The Acrostic as a Tool of Resistance
Emily O'Neill considers the poetic form of the acrostic as it proliferates across several Trump-admin resignation letters, most notably in a recent statement from the President’s Committee on The Arts and The Humanities in which members resigned their posts. "[A]ddressed directly to the commander in chief, was the word 'RESIST,' spelled using the first letter of each paragraph," she writes. More from Electric Lit:
Recently it feels as though the concrete and conceptual have indeed collapsed into one another. Statues of confederate generals are no longer outdated monuments to disgraced secessionists but rallying points for those who wish to maintain political power as the exclusive domain of white men. What better time for the return of the acrostic to common use than this moment, when we hear constant exhortations from both sides of the aisle demanding we show the world what it is America truly stands for? Choosing the most effective way to condemn the president isn’t something his detractors can afford to be subtle about. Though the acrostic is a kind of coded language, in the letters it serves to underscore their message of refusal to remain complicit in the failures of the current administration.
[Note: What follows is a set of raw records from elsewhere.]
lemma similar_mat_wit_eigenvalue_block:
  fixes A :: "'a::field mat"
  assumes A: "A \<in> carrier_mat n n" and e: "eigenvalue A e"
  shows "\<exists>A2 A3 W W'. A2 \<in> carrier_mat 1 (n - 1) \<and> A3 \<in> carrier_mat (n - 1) (n - 1) \<and>
    similar_mat_wit A (four_block_mat (mat 1 1 (\<lambda>_. e)) A2 (0\<^sub>m (n - 1) 1) A3) W W'"
proof -
  from e obtain v where "eigenvector A v e" unfolding eigenvalue_def by auto
  then have v: "v \<in> carrier_vec n" and v0: "v \<noteq> 0\<^sub>v n" and Av: "A *\<^sub>v v = e \<cdot>\<^sub>v v"
    using A unfolding eigenvector_def by auto
  then have n: "n \<noteq> 0" by auto
  from invertible_mat_with_first_col[OF v v0] obtain W W' where W: "W \<in> carrier_mat n n"
    and W': "W' \<in> carrier_mat n n" and WW': "W * W' = 1\<^sub>m n" and W'W: "W' * W = 1\<^sub>m n"
    and colW: "col W 0 = v" by blast
  define A' where "A' = W' * A * W"
  have A': "A' \<in> carrier_mat n n" using W W' A unfolding A'_def by auto
  have "similar_mat_wit A' A W' W"
    by (rule similar_mat_witI[of _ _ n]) (use W W' A A' WW' W'W in \<open>auto simp: A'_def\<close>)
  then have sim: "similar_mat_wit A A' W W'" by (rule similar_mat_wit_sym)
  have col0: "col A' 0 = e \<cdot>\<^sub>v unit_vec n 0"
  proof -
    have "col A' 0 = (W' * A) *\<^sub>v col W 0"
      unfolding A'_def using W W' A n by (subst col_mult2) auto
    also have "\<dots> = W' *\<^sub>v (A *\<^sub>v v)"
      unfolding colW using W' A v by (subst assoc_mult_mat_vec) auto
    also have "\<dots> = e \<cdot>\<^sub>v (W' *\<^sub>v v)" unfolding Av using W' v by (simp add: mult_mat_vec)
    also have "W' *\<^sub>v v = col (W' * W) 0"
      unfolding colW[symmetric] using W W' n by (subst col_mult2) auto
    also have "\<dots> = unit_vec n 0" unfolding W'W using n by simp
    finally show ?thesis .
  qed
  obtain A1 A2 A0 A3 where split: "split_block A' 1 1 = (A1, A2, A0, A3)"
    by (cases "split_block A' 1 1")
  from A' n have "dim_row A' = 1 + (n - 1)" "dim_col A' = 1 + (n - 1)" by auto
  from split_block[OF split this] have A2: "A2 \<in> carrier_mat 1 (n - 1)"
    and A3: "A3 \<in> carrier_mat (n - 1) (n - 1)" and blocks: "A' = four_block_mat A1 A2 A0 A3"
    by auto
  have entry: "A' $$ (i, 0) = (if i = 0 then e else 0)" if "i < n" for i
    using arg_cong[OF col0, of "\<lambda>w. w $ i"] that A' n by auto
  have "A1 = mat 1 1 (\<lambda>_. e)" "A0 = 0\<^sub>m (n - 1) 1"
    using split entry n A' unfolding split_block_def Let_def by auto
  with A2 A3 sim blocks show ?thesis by blast
qed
The current White House seems to throw out imprecise language on purpose so that it may revise on a constant basis, never committing its statements to a final draft. These revisions are often impromptu, inspired both by rhetorical circumstance and the audience of the moment. Extreme intentionality is antithetical to the Trump administration, making the acrostic form an especially powerful critical tool for those opposed to the president and his supporters.
Yoked with the responsibility of taking a strong stance against the dismantling of the arts and sciences as American institutions, people are turning to poetic forms as the best mode of denouncing Trump. It’s one thing to walk away from association with Trump and all his fumbling with a strong statement of disavowal, and I quite admire that action regardless of how it’s expressed. But to see poetry weaponized, so to speak, by those who are truly paying attention to how much of our democracy is unraveling is truly special. Trump seems to be counting on the public not noticing what he’s accomplishing behind a curtain of performative incompetence. Maybe it’s best we spell it out for him: he’s underestimating the arts as a tool for change.